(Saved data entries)

(* If $Y$ is a finite connected simple undirected graph on $n$ vertices, then $\kappa(Y)\leq\tfrac1n\,\alpha(Y)$.
   Context: $\alpha(Y)$ is the number of acyclic orientations of $Y$. A click at a vertex $x$ that is a source of an orientation reverses all edges incident to $x$, making $x$ a sink. Two acyclic orientations are $\kappa$-equivalent if one can be transformed into the other by a finite sequence of clicks; $\kappa(Y)$ is the number of $\kappa$-equivalence classes. *)

theory Defs
  imports Complex_Main
begin

definition simple_graph :: "'a set \<Rightarrow> 'a set set \<Rightarrow> bool" where
  "simple_graph V E \<longleftrightarrow> finite V \<and>
     (\<forall>e\<in>E. \<exists>u v. u \<in> V \<and> v \<in> V \<and> u \<noteq> v \<and> e = {u, v})"

definition connected_graph :: "'a set \<Rightarrow> 'a set set \<Rightarrow> bool" where
  "connected_graph V E \<longleftrightarrow> V \<noteq> {} \<and>
     (\<forall>u\<in>V. \<forall>v\<in>V. (u, v) \<in> {(a, b). {a, b} \<in> E}\<^sup>*)"

definition orientation :: "'a set \<Rightarrow> 'a set set \<Rightarrow> ('a \<times> 'a) set \<Rightarrow> bool" where
  "orientation V E R \<longleftrightarrow> (\<forall>(a, b)\<in>R. {a, b} \<in> E) \<and>
     (\<forall>a b. {a, b} \<in> E \<longrightarrow> ((a, b) \<in> R \<longleftrightarrow> (b, a) \<notin> R))"

definition acyclic_orientations :: "'a set \<Rightarrow> 'a set set \<Rightarrow> ('a \<times> 'a) set set" where
  "acyclic_orientations V E = {R. orientation V E R \<and> acyclic R}"

definition alpha :: "'a set \<Rightarrow> 'a set set \<Rightarrow> nat" where
  "alpha V E = card (acyclic_orientations V E)"

definition is_source :: "('a \<times> 'a) set \<Rightarrow> 'a \<Rightarrow> bool" where
  "is_source R x \<longleftrightarrow> (\<forall>y. (y, x) \<notin> R)"

definition click :: "('a \<times> 'a) set \<Rightarrow> 'a \<Rightarrow> ('a \<times> 'a) set" where
  "click R x = {(a, b) \<in> R. a \<noteq> x \<and> b \<noteq> x} \<union> {(b, a) | a b. (a, b) \<in> R \<and> (a = x \<or> b = x)}"

definition click_step :: "'a set \<Rightarrow> 'a set set \<Rightarrow> (('a \<times> 'a) set \<times> ('a \<times> 'a) set) set" where
  "click_step V E = {(R, R'). R \<in> acyclic_orientations V E \<and>
       (\<exists>x\<in>V. is_source R x \<and> R' = click R x)}"

definition kappa_equiv :: "'a set \<Rightarrow> 'a set set \<Rightarrow> (('a \<times> 'a) set \<times> ('a \<times> 'a) set) set" where
  "kappa_equiv V E = (click_step V E \<union> (click_step V E)\<inverse>)\<^sup>*"

definition kappa :: "'a set \<Rightarrow> 'a set set \<Rightarrow> nat" where
  "kappa V E = card (acyclic_orientations V E // kappa_equiv V E)"

end

theory Submission
  imports Defs
begin
lemma distinguished_Cp_if_partition_expansions:
  assumes tych: "tychonoff_space X"
    and partitions: "\<And>D. disjoint_family D \<Longrightarrow> \<Union>(range D) = topspace X
      \<Longrightarrow> point_finite_open_expansion_seq X D"
  shows "distinguished (Cp X)"
  unfolding distinguished_def barrelled_def
proof (intro allI impI)
  fix A assume bar: "barrel (strong_dual_topology (Cp X)) A"
  have AC: "absolutely_convex A" by (rule barrel_absolutely_convex[OF bar])
  have "A \<noteq> {}" using barrel_nonempty[OF bar] zero_fun_in_Cp_dual by (metis topspace_strong_dual)
  have absorb: "\<exists>r>0. \<forall>c. r \<le> \<bar>c\<bar> \<longrightarrow> \<phi> \<in> fscale c ` A" if "\<phi> \<in> tvs_dual (Cp X)" for \<phi>
    using bar that unfolding barrel_def by simp
  define r where "r x = (SOME r. r > 0 \<and> (\<forall>c. r \<le> \<bar>c\<bar> \<longrightarrow> dirac X x \<in> fscale c ` A))" for x
  have r: "r x > 0 \<and> (\<forall>c. r x \<le> \<bar>c\<bar> \<longrightarrow> dirac X x \<in> fscale c ` A)" for x
    unfolding r_def by (rule someI_ex[OF absorb[OF dirac_in_Cp_dual]])
  then have r_pos: "r x > 0" for x by blast
  have e: "fscale (1 / r x) (dirac X x) \<in> A" for x
  proof -
    have "dirac X x \<in> fscale (r x) ` A" using r[of x] by simp
    then obtain g where "g \<in> A" "dirac X x = fscale (r x) g" by blast
    moreover have "fscale (1 / r x) (fscale (r x) g) = g" using r_pos[of x] by (auto simp: fscale_def)
    ultimately show ?thesis by simp
  qed
  obtain B where B: "tvs_bounded (Cp X) B"
    and interpolate: "\<forall>F c. finite F \<and> F \<subseteq> topspace X \<and> (\<forall>y\<in>F. \<bar>c y\<bar> \<le> r y)
      \<longrightarrow> (\<exists>f\<in>B. \<forall>y\<in>F. f y = c y)"
    using Cp_bounded_interpolating_set[OF tych partitions, where r = r] by blast
  have "B \<noteq> {}" using interpolate[rule_format, of "{}" "\<lambda>_. 0"] by auto
  note ball_iff = Cp_strong_ball_iff[OF tych zero_fun_in_Cp_dual B \<open>B \<noteq> {}\<close>]
  show "\<exists>U. openin (strong_dual_topology (Cp X)) U \<and> zero_fun \<in> U \<and> U \<subseteq> A"
  proof (intro exI[of _ "strong_ball (Cp X) zero_fun B 1"] conjI)
    show "openin (strong_dual_topology (Cp X)) (strong_ball (Cp X) zero_fun B 1)"
      by (rule openin_strong_ball[OF zero_fun_in_Cp_dual B \<open>B \<noteq> {}\<close>]) simp
    show "zero_fun \<in> strong_ball (Cp X) zero_fun B 1"
      unfolding ball_iff using zero_fun_in_Cp_dual by (intro conjI exI[of _ 0]) simp_all
    show "strong_ball (Cp X) zero_fun B 1 \<subseteq> A"
    proof
      fix \<psi> assume "\<psi> \<in> strong_ball (Cp X) zero_fun B 1"
      then have "\<psi> \<in> tvs_dual (Cp X) \<and> (\<exists>c<1. \<forall>f\<in>B. \<bar>\<psi> f - zero_fun f\<bar> \<le> c)"
        by (simp only: ball_iff)
      then obtain c where \<psi>: "\<psi> \<in> tvs_dual (Cp X)" and c: "c < 1" "\<And>f. f \<in> B \<Longrightarrow> \<bar>\<psi> f\<bar> \<le> c"
        by (auto simp: zero_fun_def)
      obtain F a where F: "finite F" "F \<subseteq> topspace X"
        and rep: "\<And>f. f \<in> Cp_set X \<Longrightarrow> \<psi> f = (\<Sum>y\<in>F. a y * f y)"
        using Cp_dual_finite_combination[OF tych \<psi>] by blast
      text \<open>Test \<open>\<psi>\<close> against a function of \<open>B\<close> with values \<open>\<plusminus>r y\<close> on \<open>F\<close>.\<close>
      have "\<bar>sgn (a y) * r y\<bar> \<le> r y" for y using r_pos[of y] by (simp add: abs_mult abs_sgn_eq)
      then obtain f where f: "f \<in> B" "\<And>y. y \<in> F \<Longrightarrow> f y = sgn (a y) * r y"
        using interpolate[rule_format, of F "\<lambda>y. sgn (a y) * r y"] F by blast
      have "a y * f y = \<bar>a y\<bar> * r y" if "y \<in> F" for y
        using f(2)[OF that] by (auto simp: sgn_if)
      then have "(\<Sum>y\<in>F. a y * f y) = (\<Sum>y\<in>F. \<bar>a y\<bar> * r y)" by (rule sum.cong[OF refl])
      moreover have "f \<in> Cp_set X" using tvs_bounded_Cp_subset[OF B] f(1) by blast
      ultimately have "\<psi> f = (\<Sum>y\<in>F. \<bar>a y\<bar> * r y)" using rep by simp
      then have "(\<Sum>y\<in>F. \<bar>a y\<bar> * r y) \<le> 1" using c(1) c(2)[OF f(1)] by linarith
      then show "\<psi> \<in> A"
        using Cp_dual_mem_absolutely_convex[OF AC \<open>A \<noteq> {}\<close> F(1) r_pos e \<psi> rep] by blast
    qed
  qed
qed
(* Let $\alpha,\beta,\gamma,\eta>0$ and $\rho\in(0,1)$ with $\gamma\geq\alpha$, and consider the system $$S'=-\beta IS+\gamma(1-S-I-R)+\eta R,\qquad I'=\rho\beta IS-\alpha I+\beta I(1-S-I-R),\qquad R'=\alpha I-\eta R.$$ Let $\mathcal{R}_0:=\rho\beta/\alpha$, $\kappa:=1+\alpha/\eta$, $\rho^*:=\frac{-\alpha+\sqrt{\alpha\gamma\kappa}}{\gamma\kappa-\alpha}$ and $$\mathcal{R}_C:=\rho(2-\rho)-\rho^2\frac{\gamma\kappa}{\alpha}+2\frac{\rho(1-\rho)}{\alpha}\sqrt{\alpha\gamma\kappa}.$$ Suppose $0<\rho<\rho^*$. Then: (a) if $\mathcal{R}_0<\mathcal{R}_C$, there are no endemic equilibria; (b) if $\mathcal{R}_C\leq\mathcal{R}_0<1$, there are two endemic equilibria $\mathcal{E}_\pm$, which coincide if $\mathcal{R}_C=\mathcal{R}_0$; (c) if $1\leq\mathcal{R}_0$, there is a unique endemic equilibrium $\mathcal{E}_+$. Moreover, at $\mathcal{R}_0=1$ (with $\beta$ as bifurcation parameter) a transcritical bifurcation of backward type occurs, and a branch of unstable endemic equilibria $\mathcal{E}_-$ emerges from the disease-free equilibrium $\mathcal{E}_0=(1,0,0)$.
   Context: An endemic equilibrium is an equilibrium $(S^*,I^*,R^* )$ of the system with $I^*>0$ (and $S^*,R^*\ge 0$). At any such equilibrium $R^*=\frac{\alpha}{\eta}I^*$, $S^*=\frac{\gamma(1-\kappa I^* )+\alpha I^*}{\beta I^*+\gamma}$, and $I^*$ is a positive root of $\beta\kappa x^2+(\alpha(2-\rho)+\rho\gamma\kappa-\beta)x+\gamma(\alpha/\beta-\rho)=0$; $\mathcal{E}_\pm$ denote the equilibria corresponding to the larger ($+$) and smaller ($-$) root $I^*_\pm=\frac{1}{2\beta\kappa}\big[\beta-\rho\gamma\kappa-\alpha(2-\rho)\pm\sqrt{\Delta}\big]$, $\Delta$ the discriminant. A backward transcritical bifurcation at $\mathcal{R}_0=1$ means that $\mathcal{E}_0$ changes from locally asymptotically stable to unstable as $\mathcal{R}_0$ crosses $1$ from below, and for $\mathcal{R}_0$ slightly below $1$ there is a branch of unstable endemic equilibria bifurcating from $\mathcal{E}_0$ at $\mathcal{R}_0=1$. *)

theory Defs
  imports "HOL-Analysis.Analysis"
begin

definition sir_field :: "real \<Rightarrow> real \<Rightarrow> real \<Rightarrow> real \<Rightarrow> real \<Rightarrow> real \<times> real \<times> real \<Rightarrow> real \<times> real \<times> real" where
  "sir_field \<alpha> \<beta> \<gamma> \<eta> \<rho> x =
     (case x of (S, I, R) \<Rightarrow>
       (- \<beta> * I * S + \<gamma> * (1 - S - I - R) + \<eta> * R,
        \<rho> * \<beta> * I * S - \<alpha> * I + \<beta> * I * (1 - S - I - R),
        \<alpha> * I - \<eta> * R))"

definition is_equilibrium :: "('a::real_normed_vector \<Rightarrow> 'a) \<Rightarrow> 'a \<Rightarrow> bool" where
  "is_equilibrium f e \<longleftrightarrow> f e = 0"

definition endemic_equilibrium :: "real \<Rightarrow> real \<Rightarrow> real \<Rightarrow> real \<Rightarrow> real \<Rightarrow> real \<times> real \<times> real \<Rightarrow> bool" where
  "endemic_equilibrium \<alpha> \<beta> \<gamma> \<eta> \<rho> x \<longleftrightarrow>
     is_equilibrium (sir_field \<alpha> \<beta> \<gamma> \<eta> \<rho>) x \<and>
     (case x of (S, I, R) \<Rightarrow> I > 0 \<and> S \<ge> 0 \<and> R \<ge> 0)"
(* Let $k \geq 2$ be an integer. Let $\mathbb{R}^2_+=\{(x,y): y>0\}$ and $\mathbb{R}^2_-=\{(x,y): y<0\}$. Fix a $(k+1)$-element set $K=\{y_1,\ldots,y_{k+1}\} \subset \mathbb{R}^2_-$. Let $U$ be the family of all $k$-element subsets of $\mathbb{R}^2_-$, let $O$ be the initial ordinal of cardinality $\mathfrak{c}=2^{\aleph_0}$ (so $|O|=\mathfrak{c}$ and $|\{\alpha \in O: \alpha<\lambda\}|<\mathfrak{c}$ for every $\lambda\in O$), and let $\lambda \mapsto a^{\lambda}=\{a^{\lambda}_1,\ldots,a^{\lambda}_k\}$ be a bijection from $O$ onto $U$. Then there exist families of sets $\{A_\lambda\}_{\lambda\in O}$ and $\{B_\lambda\}_{\lambda \in O}$, increasing in the sense that $\lambda_1<\lambda_2$ implies $A_{\lambda_1}\subseteq A_{\lambda_2}$ and $B_{\lambda_1}\subseteq B_{\lambda_2}$, such that for every $\lambda \in O$: (1) $A_\lambda, B_\lambda \subset \{(x,0): x \in \mathbb{R}\}$; (2) $A_\lambda \cap B_\lambda=\emptyset$; (3) $|A_\lambda|,|B_\lambda| \leq \max(|\lambda|,\aleph_0) < \mathfrak{c}$; (4) there is a point $z \in \mathbb{R}^2_+$ that sees every point of $a^\lambda$ via $A_\lambda$, while no point $z\in\mathbb{R}^2_+$ sees all points of $K$ via $A_\lambda$.
   Context: For $z \in \mathbb{R}^2_+$, $y \in \mathbb{R}^2_-$ and a subset $A$ of the $x$-axis, "$z$ sees $y$ via $A$" means that the segment $[z,y]$ is contained in $\mathbb{R}^2_+ \cup A \cup \mathbb{R}^2_-$ (equivalently, the intersection point of $[z,y]$ with the $x$-axis lies in $A$). For an ordinal $\lambda$, $|\lambda|$ denotes its cardinality (the cardinality of the set of ordinals smaller than $\lambda$). The axiom of choice is assumed. *)

theory Defs
  imports "HOL-Analysis.Analysis"
begin

definition upper_half :: "(real \<times> real) set" where
  "upper_half = {p. snd p > 0}"

definition lower_half :: "(real \<times> real) set" where
  "lower_half = {p. snd p < 0}"

definition x_axis :: "(real \<times> real) set" where
  "x_axis = {p. snd p = 0}"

AIM OF THE EXERCISE: Will you return exactly the lines above from the one with "X)) U \<and>" down to the one with "fix \<psi> assume", counting both as part of the range?

RESPONSE BELOW:
  show "\<exists>U. openin (strong_dual_topology (Cp X)) U \<and> zero_fun \<in> U \<and> U \<subseteq> A"
  proof (intro exI[of _ "strong_ball (Cp X) zero_fun B 1"] conjI)
    show "openin (strong_dual_topology (Cp X)) (strong_ball (Cp X) zero_fun B 1)"
      by (rule openin_strong_ball[OF zero_fun_in_Cp_dual B \<open>B \<noteq> {}\<close>]) simp
    show "zero_fun \<in> strong_ball (Cp X) zero_fun B 1"
      unfolding ball_iff using zero_fun_in_Cp_dual by (intro conjI exI[of _ 0]) simp_all
    show "strong_ball (Cp X) zero_fun B 1 \<subseteq> A"
    proof
      fix \<psi> assume "\<psi> \<in> strong_ball (Cp X) zero_fun B 1"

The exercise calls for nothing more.